Materials and methods

Participants and study design

This observational study was conducted between April 2011 and December 2013. Patients were either referred or self-referred to the outpatient hypertension unit at a single cardiovascular center. The study was approved by the local ethics committee. A total of 1,336 consecutive patients were diagnosed with essential hypertension, and 284 normotensive patients were also entered into the study. Patients were selected according to the following inclusion criteria: age ≥65 years; hypertension, defined as at least three measurements of office systolic BP ≥140 mmHg and/or diastolic BP ≥90 mmHg in a sitting position, or previously diagnosed and receiving antihypertensive medication; and normal sinus rhythm. Individuals were excluded if they had any of the following: secondary causes of hypertension, established kidney failure (estimated glomerular filtration rate <15 mL/min/1.73 m2), diagnosed atrial fibrillation, physical or mental impairment, or inability to perform home BP measurement.

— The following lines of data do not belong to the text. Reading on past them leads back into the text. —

definition mp_out :: "(nat \<Rightarrow> nat) \<Rightarrow> enat" where
  "mp_out \<phi> = (if mp_fires \<phi> then enat (mp_first \<phi>) else \<infinity>)"

definition mp_step :: "(nat \<Rightarrow> nat) \<Rightarrow> (nat \<Rightarrow> nat) \<Rightarrow> (nat \<Rightarrow> nat)" where
  "mp_step \<pi> \<phi> =
     (if mp_fires \<phi> then
        (\<lambda>r. if 1 \<le> r \<and> r < mp_first \<phi> then \<phi> r - 1
             else if r = mp_first \<phi> then \<pi> r else \<phi> r)
      else (\<lambda>r. if 1 \<le> r then \<phi> r - 1 else \<phi> r))"

text \<open>Clock state before token t+1 (clocks start at the seeds).\<close>
primrec mp_clocks :: "(nat \<Rightarrow> nat) \<Rightarrow> (nat \<Rightarrow> nat) \<Rightarrow> nat \<Rightarrow> (nat \<Rightarrow> nat)" where
  "mp_clocks \<pi> \<sigma> 0 = \<sigma>"
| "mp_clocks \<pi> \<sigma> (Suc t) = mp_step \<pi> (mp_clocks \<pi> \<sigma> t)"

definition mp_seq :: "(nat \<Rightarrow> nat) \<Rightarrow> (nat \<Rightarrow> nat) \<Rightarrow> nat \<Rightarrow> enat" where
  "mp_seq \<pi> \<sigma> t = mp_out (mp_clocks \<pi> \<sigma> (t - 1))"

definition mp_seed_measure :: "(nat \<Rightarrow> nat) \<Rightarrow> (nat \<Rightarrow> nat) measure" where
  "mp_seed_measure \<pi> = (\<Pi>\<^sub>M r\<in>{1..}. measure_pmf (pmf_of_set {1..\<pi> r}))"

end

theory Submission
  imports Defs
begin

text \<open>Restricted to the first \<open>n\<close> clocks, one step of the clock dynamics is a permutation
  of the finite state space \<open>\<Pi>\<^sub>E r\<in>{1..n}. {1..\<pi> r}\<close>: clock \<open>r\<close> is either left alone
  (a smaller clock fires) or shifted cyclically (\<open>1 \<mapsto> \<pi> r\<close>, \<open>z \<mapsto> z - 1\<close> otherwise), and the update of clock \<open>r\<close> only
  depends on clocks \<open>1..r\<close>. The seeds are uniform on this space, hence so are the clocks at
  every time \<open>t\<close>, and the probability that none of the first \<open>n\<close> clocks reads 1 at time \<open>t\<close>
  is \<open>a\<^sub>n = \<Prod>r\<in>{1..n}. 1 - 1 / \<pi> r\<close>, whatever \<open>t\<close> is. Letting \<open>n \<rightarrow> \<infinity>\<close>, the token
  \<open>K\<^sub>t\<^sub>+\<^sub>1\<close> is infinite with probability \<open>lim a\<^sub>n\<close>, and by \<open>e\<^sup>-\<^sup>2\<^sup>x \<le> 1 - x \<le> e\<^sup>-\<^sup>x\<close>
  (for \<open>0 \<le> x \<le> 1/2\<close>) this limit vanishes iff \<open>\<Sum> 1 / \<pi> r = \<infinity>\<close> or some factor is 0.\<close>

lemma card_preimage_of_bij_betw:
  assumes bij: "bij_betw f A A" and "B \<subseteq> A"
  shows "card {x \<in> A. f x \<in> B} = card B"
proof -
  have "f ` {x \<in> A. f x \<in> B} = B"
    using assms by (auto simp: bij_betw_def)
  then have "bij_betw f {x \<in> A. f x \<in> B} B"
    by (rule bij_betw_subset[OF bij, rotated]) auto
  then show ?thesis
    by (rule bij_betw_same_card)
qed

lemma exp_minus_twice_le_one_minus:
  fixes x :: real
  assumes "0 \<le> x" and "x \<le> 1 / 2"
  shows "exp (- 2 * x) \<le> 1 - x"
proof -
  have "- 2 * x \<le> - x - 2 * x\<^sup>2"
    using mult_left_mono[OF assms(2) assms(1)] by (simp add: power2_eq_square)
  also have "\<dots> \<le> ln (1 - x)"
    using assms by (rule ln_one_minus_pos_lower_bound)
  finally show ?thesis
    using assms by (simp add: ln_ge_iff[symmetric])
qed

lemma mp_step_apply:
  assumes "1 \<le> r"
  shows "mp_step \<pi> \<phi> r =
    (if \<exists>s\<in>{1..<r}. \<phi> s = 1 then \<phi> r else if \<phi> r = 1 then \<pi> r else \<phi> r - 1)"
proof (cases "mp_fires \<phi>")
  case True
  then obtain s where s: "1 \<le> s" "\<phi> s = 1"
    unfolding mp_fires_def by auto
  have first: "1 \<le> mp_first \<phi> \<and> \<phi> (mp_first \<phi>) = 1"
    unfolding mp_first_def by (rule LeastI[of _ s]) (use s in auto)
  have least: "\<forall>s. 1 \<le> s \<and> \<phi> s = 1 \<longrightarrow> mp_first \<phi> \<le> s"
    unfolding mp_first_def by (auto intro: Least_le)
  show ?thesis
    using True assms first least unfolding mp_step_def
    by (auto simp: not_less le_antisym)
next
  case False
  then show ?thesis
    using assms unfolding mp_step_def mp_fires_def by auto
qed

lemma mp_step_cong:
  assumes "\<And>s. s \<in> {1..r} \<Longrightarrow> \<phi> s = \<psi> s" and "1 \<le> r"
  shows "mp_step \<pi> \<phi> r = mp_step \<pi> \<psi> r"
  using assms by (simp add: mp_step_apply)

definition truncated_step :: "(nat \<Rightarrow> nat) \<Rightarrow> nat \<Rightarrow> (nat \<Rightarrow> nat) \<Rightarrow> (nat \<Rightarrow> nat)" where
  "truncated_step \<pi> n \<phi> = restrict (mp_step \<pi> \<phi>) {1..n}"
(* Let $R:\widehat{\mathbb C}\to\widehat{\mathbb C}$ be a rational function of degree at least $2$ whose Julia set $J(R)$ is connected. If $A\subset J(R)$ is non-empty and $T$-closed in $J(R)$, then $R^{-1}(A)$ (which is contained in $J(R)$) is also $T$-closed in $J(R)$.
   Context: $\widehat{\mathbb C}$ is the Riemann sphere; the Julia set $J(R)$ is the complement of the Fatou set (the domain of normality of the iterates of $R$); it is compact, non-empty, and completely invariant. For a continuum $X$ and a non-empty set $A\subset X$, $T(A)$ is the set of $x\in X$ such that every subcontinuum of $X\setminus A$ containing $x$ has empty interior relative to $X$; $A$ is $T$-closed if $T(A)=A$. Here $X=J(R)$. *)

theory Defs
  imports "HOL-Analysis.Analysis" "HOL-Computational_Algebra.Polynomial"
begin

text \<open>The Riemann sphere is modelled as the unit sphere in complex x real (= R^3),
  with the Euclidean (chordal) metric; infinity is the north pole (0,1).
  Points of the extended plane are represented as complex option (None = infinity).\<close>

definition riemann_sphere :: "(complex \<times> real) set" where
  "riemann_sphere = sphere 0 1"

definition to_sph :: "complex option \<Rightarrow> complex \<times> real" where
  "to_sph z = (case z of None \<Rightarrow> (0, 1)
     | Some w \<Rightarrow> (2 * w / complex_of_real (1 + (cmod w)\<^sup>2),
                  ((cmod w)\<^sup>2 - 1) / ((cmod w)\<^sup>2 + 1)))"

definition from_sph :: "complex \<times> real \<Rightarrow> complex option" where
  "from_sph x = (if snd x = 1 then None
                 else Some (fst x / complex_of_real (1 - snd x)))"

definition is_rational_fn :: "complex poly \<Rightarrow> complex poly \<Rightarrow> bool" where
  "is_rational_fn p q \<longleftrightarrow> q \<noteq> 0 \<and> coprime p q"
lemma is_partition_partition_of_beta_list:
  "sorted_wrt (>) hs \<Longrightarrow> 0 \<notin> set hs \<Longrightarrow> is_partition (partition_of_beta_list hs)"
proof (induction hs)
  case Nil
  then show ?case by (simp add: is_partition_def)
next
  case (Cons h hs)
  have "\<forall>y\<in>set (partition_of_beta_list hs). y + length hs \<le> h"
    using partition_of_beta_list_bound Cons.prems by auto
  then show ?case
    using Cons length_less_head[OF Cons.prems] by (fastforce simp: is_partition_Cons)
qed

lemma beta_set_inject:
  assumes "is_partition la" "is_partition la'" "beta_set la = beta_set la'"
  shows "la = la'"
proof -
  have "rev (beta_list la) = rev (beta_list la')"
    using assms sorted_beta_list
    by (intro strict_sorted_equal) (auto simp: sorted_wrt_rev beta_set_def)
  then show ?thesis by (metis rev_rev_ident partition_of_beta_list_beta_list)
qed

lemma beta_set_surj:
  assumes "finite H" "0 \<notin> H"
  obtains la where "is_partition la" "beta_set la = H"
proof
  let ?hs = "rev (sorted_list_of_set H)"
  have hs: "sorted_wrt (>) ?hs" "0 \<notin> set ?hs"
    using assms by (simp_all add: sorted_wrt_rev strict_sorted_list_of_set)
  show "is_partition (partition_of_beta_list ?hs)"
    using is_partition_partition_of_beta_list[OF hs] .
  show "beta_set (partition_of_beta_list ?hs) = H"
    unfolding beta_set_def beta_list_partition_of_beta_list[OF hs] using assms by simp
qed

lemma psize_beta_list:
  "2 * psize la + length la * length la = 2 * sum_list (beta_list la) + length la"
  by (induction la) (auto simp: psize_def algebra_simps)

lemma psize_beta_set:
  assumes "is_partition la"
  shows "2 * psize la + card (beta_set la) * card (beta_set la)
    = 2 * \<Sum>(beta_set la) + card (beta_set la)"
  using psize_beta_list[of la] card_beta_set[OF assms] distinct_beta_list[OF assms]
  by (simp add: beta_set_def distinct_sum_list_conv_Sum)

Each subject then underwent a comprehensive patient history and physical examination. All subjects were monitored for home BP, body mass index, and waist and hip circumference. Blood samples were obtained for all participants following an overnight fast and prior to taking any medications. baPWV measurements and echocardiography studies were performed within 1 week of the initial evaluation. Patients were divided into three groups. The diagnostic definition for RH has been detailed previously. Control subjects were selected from those without hypertension or any other exclusion criteria (group 1, n=284). Those with normal BP levels on treatment with less than three drugs were defined as the hypertension group (group 2, n=1,194). Patients who fulfilled the criteria for RH were selected as the RH group (group 3, n=142).

BP measurement method

A clinically validated automatic electronic device (M10-IT; Omron, Tokyo, Japan) was used for all home BP measurements. Patients were instructed on the home BP measurement technique in a 20-minute training session with their nurse. At the end of the session, patients tested the home BP measurement technique through three consecutive self-measurements taken in the presence of the nurse. The patients monitored their BP at home over a 4-day period, taking three morning measurements (every 2 minutes between 6 am and 9 am) and three evening measurements (between 6 pm and 9 pm). The home BP readings were recorded and stored in the device. Mean home BP was calculated by discarding values obtained on the first day as well as the first measurement obtained each morning and evening. The BP measurement protocol was repeated every 3 months over a 1-year period.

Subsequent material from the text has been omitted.